Jun 21, 2013, 1:30 PM EST
With Andy Reid out of the way, there may not be an authority figure in Philadelphia sports right now under more scrutiny than Ruben Amaro Jr. Paul Holmgren could probably give him a run for his money, especially if some of the rumored offseason plans are true, but I think we’ve got to go ahead and give the nod to RAJ.
You know what that means. It’s time for the Obligatory Vote of Confidence™! (Needs its own graphic and maybe a jingle.)
Today’s Obligatory Vote of Confidence comes from David Montgomery. The Phillies president tells Bob Brookover for the Inquirer that the general manager is not solely responsible for the club’s issues, giving “credit” to his staff. Then Montgomery made a very curious analogy about decision making and baseball.
“The reality is that when things don’t go well, people look to find, well, whose fault is it?” Montgomery said. “I believe in situations like this that when times are good there’s enough credit to go around. It’s all of us. Ruben is not making independent decisions. He’s going with a pretty good group of eyes who are looking out there at players and making determinations. God knows we’re all trying to bat 1.000 on decision making. The reality is, I think we do better than the .300 standard in baseball.”

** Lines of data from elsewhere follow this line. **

lemma fps_twist_deriv_even:
  assumes "fps_even A"
  shows "fps_twist (fps_deriv A) = - fps_deriv (fps_twist A)"
proof (rule fps_ext)
  fix m
  show "fps_twist (fps_deriv A) $ m = (- fps_deriv (fps_twist A)) $ m"
  proof (cases "odd m")
    case True
    then have "Suc m div 2 = Suc (m div 2)"
      by (auto elim!: oddE)
    then show ?thesis by simp
  next
    case False
    with assms show ?thesis by (simp add: fps_even_def)
  qed
qed

lemma fps_twist_deriv_odd:
  assumes "fps_odd A"
  shows "fps_twist (fps_deriv A) = fps_deriv (fps_twist A)"
proof (rule fps_ext)
  fix m
  show "fps_twist (fps_deriv A) $ m = fps_deriv (fps_twist A) $ m"
  proof (cases "even m")
    case True
    then have "Suc m div 2 = m div 2"
      by (auto elim!: evenE)
    then show ?thesis by simp
  next
    case False
    with assms show ?thesis by (simp add: fps_odd_def)
  qed
qed


section \<open>The hyperbolic series\<close>

definition cosh_half :: "real fps" where
  "cosh_half = Abs_fps (\<lambda>m. if even m then (1/2)^m / fact m else 0)"

definition sinh_half :: "real fps" where
  "sinh_half = Abs_fps (\<lambda>m. if odd m then (1/2)^m / fact m else 0)"

lemma cosh_half_nth_Suc: "real (Suc m) * cosh_half $ Suc m = sinh_half $ m / 2"
  by (simp add: cosh_half_def sinh_half_def)

lemma sinh_half_nth_Suc: "real (Suc m) * sinh_half $ Suc m = cosh_half $ m / 2"
  by (simp add: cosh_half_def sinh_half_def)

lemma fps_deriv_cosh_half: "fps_deriv cosh_half = fps_const (1/2) * sinh_half"
  by (rule fps_ext) (simp add: cosh_half_nth_Suc[simplified])

lemma fps_deriv_sinh_half: "fps_deriv sinh_half = fps_const (1/2) * cosh_half"
  by (rule fps_ext) (simp add: sinh_half_nth_Suc[simplified])

lemma cosh_half_nth_Suc_Suc:
  "real ((m + 1) * (m + 2)) * cosh_half $ (m + 2) = cosh_half $ m / 4"
proof -
  have "real ((m + 1) * (m + 2)) * cosh_half $ (m + 2)
      = real (Suc m) * (real (Suc (Suc m)) * cosh_half $ Suc (Suc m))"
    by (simp add: algebra_simps)
  also have "\<dots> = real (Suc m) * sinh_half $ Suc m / 2"
    by (simp only: cosh_half_nth_Suc)
  also have "\<dots> = cosh_half $ m / 4"
    by (simp only: sinh_half_nth_Suc)
  finally show ?thesis .
qed

lemma cosh_half_nth_0 [simp]: "cosh_half $ 0 = 1"
  by (simp add: cosh_half_def)

lemma cosh_half_nonzero: "cosh_half \<noteq> 0"
  using cosh_half_nth_0 by (metis fps_zero_nth zero_neq_one)

lemma cosh_half_mult_right_cancel: "A * cosh_half = B * cosh_half \<Longrightarrow> A = B"
  using cosh_half_nonzero by simp

lemma fps_even_cosh_half: "fps_even cosh_half"
  by (simp add: fps_even_def cosh_half_def)

definition tanh_half :: "real fps" where
  "tanh_half = sinh_half * inverse cosh_half"

lemma tanh_half_mult_cosh_half: "tanh_half * cosh_half = sinh_half"
  by (simp add: tanh_half_def mult.assoc inverse_mult_eq_1)

lemma fps_odd_tanh_half: "fps_odd tanh_half"
  unfolding tanh_half_def
  by (rule fps_odd_mult_inverse) (simp_all add: fps_odd_def sinh_half_def fps_even_cosh_half)

lemma tanh_half_ode:
  "fps_deriv tanh_half + fps_const (1/2) * (tanh_half * tanh_half) = fps_const (1/2)"
proof (rule cosh_half_mult_right_cancel)
  have "fps_deriv (tanh_half * cosh_half) = fps_deriv sinh_half"
    by (simp only: tanh_half_mult_cosh_half)
  then have "fps_deriv tanh_half * cosh_half + fps_const (1/2) * (tanh_half * sinh_half)
      = fps_const (1/2) * cosh_half"
    by (simp add: fps_deriv_cosh_half fps_deriv_sinh_half algebra_simps)
  then show "(fps_deriv tanh_half + fps_const (1/2) * (tanh_half * tanh_half)) * cosh_half
      = fps_const (1/2) * cosh_half"
    by (simp add: algebra_simps flip: tanh_half_mult_cosh_half)
qed


section \<open>The columns of the generating function\<close>

definition salie_column :: "nat \<Rightarrow> real fps" where
  "salie_column k = Abs_fps (\<lambda>m. coeff (salie_gf $ m) k)"

(* The y^k-part of the numerator, from the binomial expansion of (1 + 4y)^(m/2). *)
definition salie_num_column :: "nat \<Rightarrow> real fps" where
  "salie_num_column k = Abs_fps (\<lambda>m. cosh_half $ m * (of_nat (m div 2 choose k) * 4 ^ k))"

lemma salie_gf_mult_den: "salie_gf * salie_den = salie_num"
  using salie_den_inverse by (simp add: salie_gf_def mult.assoc mult.commute)

lemma salie_column_mult_cosh_half: "salie_column k * cosh_half = salie_num_column k"
proof (rule fps_ext)
  fix m
  have den: "salie_den $ j = [: cosh_half $ j :]" for j
    by (simp add: salie_den_def cosh_half_def)
  have "(salie_column k * cosh_half) $ m = coeff ((salie_gf * salie_den) $ m) k"
    by (simp add: fps_mult_nth salie_column_def den coeff_sum mult.commute)
  also have "\<dots> = salie_num_column k $ m"
    by (simp add: salie_gf_mult_den salie_num_def salie_num_column_def cosh_half_def
        coeff_one_linear_poly_power)
  finally show "(salie_column k * cosh_half) $ m = salie_num_column k $ m" .
qed

lemma salie_num_column_0: "salie_num_column 0 = cosh_half"
  by (rule fps_ext) (simp add: salie_num_column_def)

lemma salie_num_column_1: "salie_num_column 1 = fps_X * sinh_half"
proof (rule fps_ext)
  fix m
  show "salie_num_column 1 $ m = (fps_X * sinh_half) $ m"
  proof (cases m)
    case (Suc j)
    have N: "salie_num_column 1 $ m = cosh_half $ Suc j * (real (Suc j div 2) * 4)"
      by (simp add: salie_num_column_def Suc)
    show ?thesis
    proof (cases "odd j")
      case True
      then have four: "real (Suc j div 2) * 4 = 2 * real (Suc j)"
        by (auto elim!: oddE)
      have "salie_num_column 1 $ m = 2 * (real (Suc j) * cosh_half $ Suc j)"
        unfolding N four by (simp only: ac_simps)
      also have "\<dots> = sinh_half $ j"
        by (simp only: cosh_half_nth_Suc)
      finally show ?thesis
        by (simp add: Suc)
    next
      case False
      then show ?thesis unfolding N by (simp add: Suc cosh_half_def sinh_half_def)
    qed
  qed (simp add: salie_num_column_def)
qed

lemma salie_num_column_nth_below: "m < 2 * k \<Longrightarrow> salie_num_column k $ m = 0"
  by (simp add: salie_num_column_def binomial_eq_0 less_mult_imp_div_less mult.commute)

lemma fps_deriv_fps_deriv_salie_num_column:
  assumes "k \<ge> 1"
  shows "fps_deriv (fps_deriv (salie_num_column k))
    = fps_const (1/4) * salie_num_column k + salie_num_column (k - 1)"
proof (rule fps_ext)
  fix m
  obtain j where k: "k = Suc j" using assms by (cases k) auto
  have "fps_deriv (fps_deriv (salie_num_column k)) $ m
      = real ((m + 1) * (m + 2)) * cosh_half $ (m + 2) * (of_nat (Suc (m div 2) choose k) * 4 ^ k)"
    by (simp add: salie_num_column_def algebra_simps)
  also have "\<dots> = cosh_half $ m / 4
      * ((of_nat (m div 2 choose k) + of_nat (m div 2 choose j)) * (4 * 4 ^ j))"
    by (simp only: cosh_half_nth_Suc_Suc) (simp add: k)
  also have "\<dots> = (fps_const (1/4) * salie_num_column k + salie_num_column (k - 1)) $ m"
    by (simp add: salie_num_column_def k algebra_simps)
  finally show "fps_deriv (fps_deriv (salie_num_column k)) $ m
    = (fps_const (1/4) * salie_num_column k + salie_num_column (k - 1)) $ m" .
qed

lemma salie_column_eq: "salie_column k = salie_num_column k * inverse cosh_half"
  by (simp add: salie_column_mult_cosh_half[symmetric] mult.assoc inverse_mult_eq_1')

Hm. .300 might make for a fine batting average, but I’m pretty sure decision making is held to a higher standard. I don’t know about you, but I expect scouts and executives to be right at least 50% of the time. Otherwise why have a front office at all? All personnel moves can be determined by one or a series of coin flips. At least it’s cost effective, and the Phillies could push the savings right into some extra coin flips during free agency.
And as long as we’re deflecting blame across the entire front office, it’s worth noting that somebody had to hire the people steering Amaro wrong. Who would that be? Because apparently that’s the person you want to yell at.
Personally, I don’t think Amaro has necessarily been quite as poor at his job as many people seem to believe, but a handful of the missteps he’s made have been rather gargantuan in size. Arguing he’s better at decision making than anybody on his roster is at hitting is an awfully counterproductive way to combat those truths, no?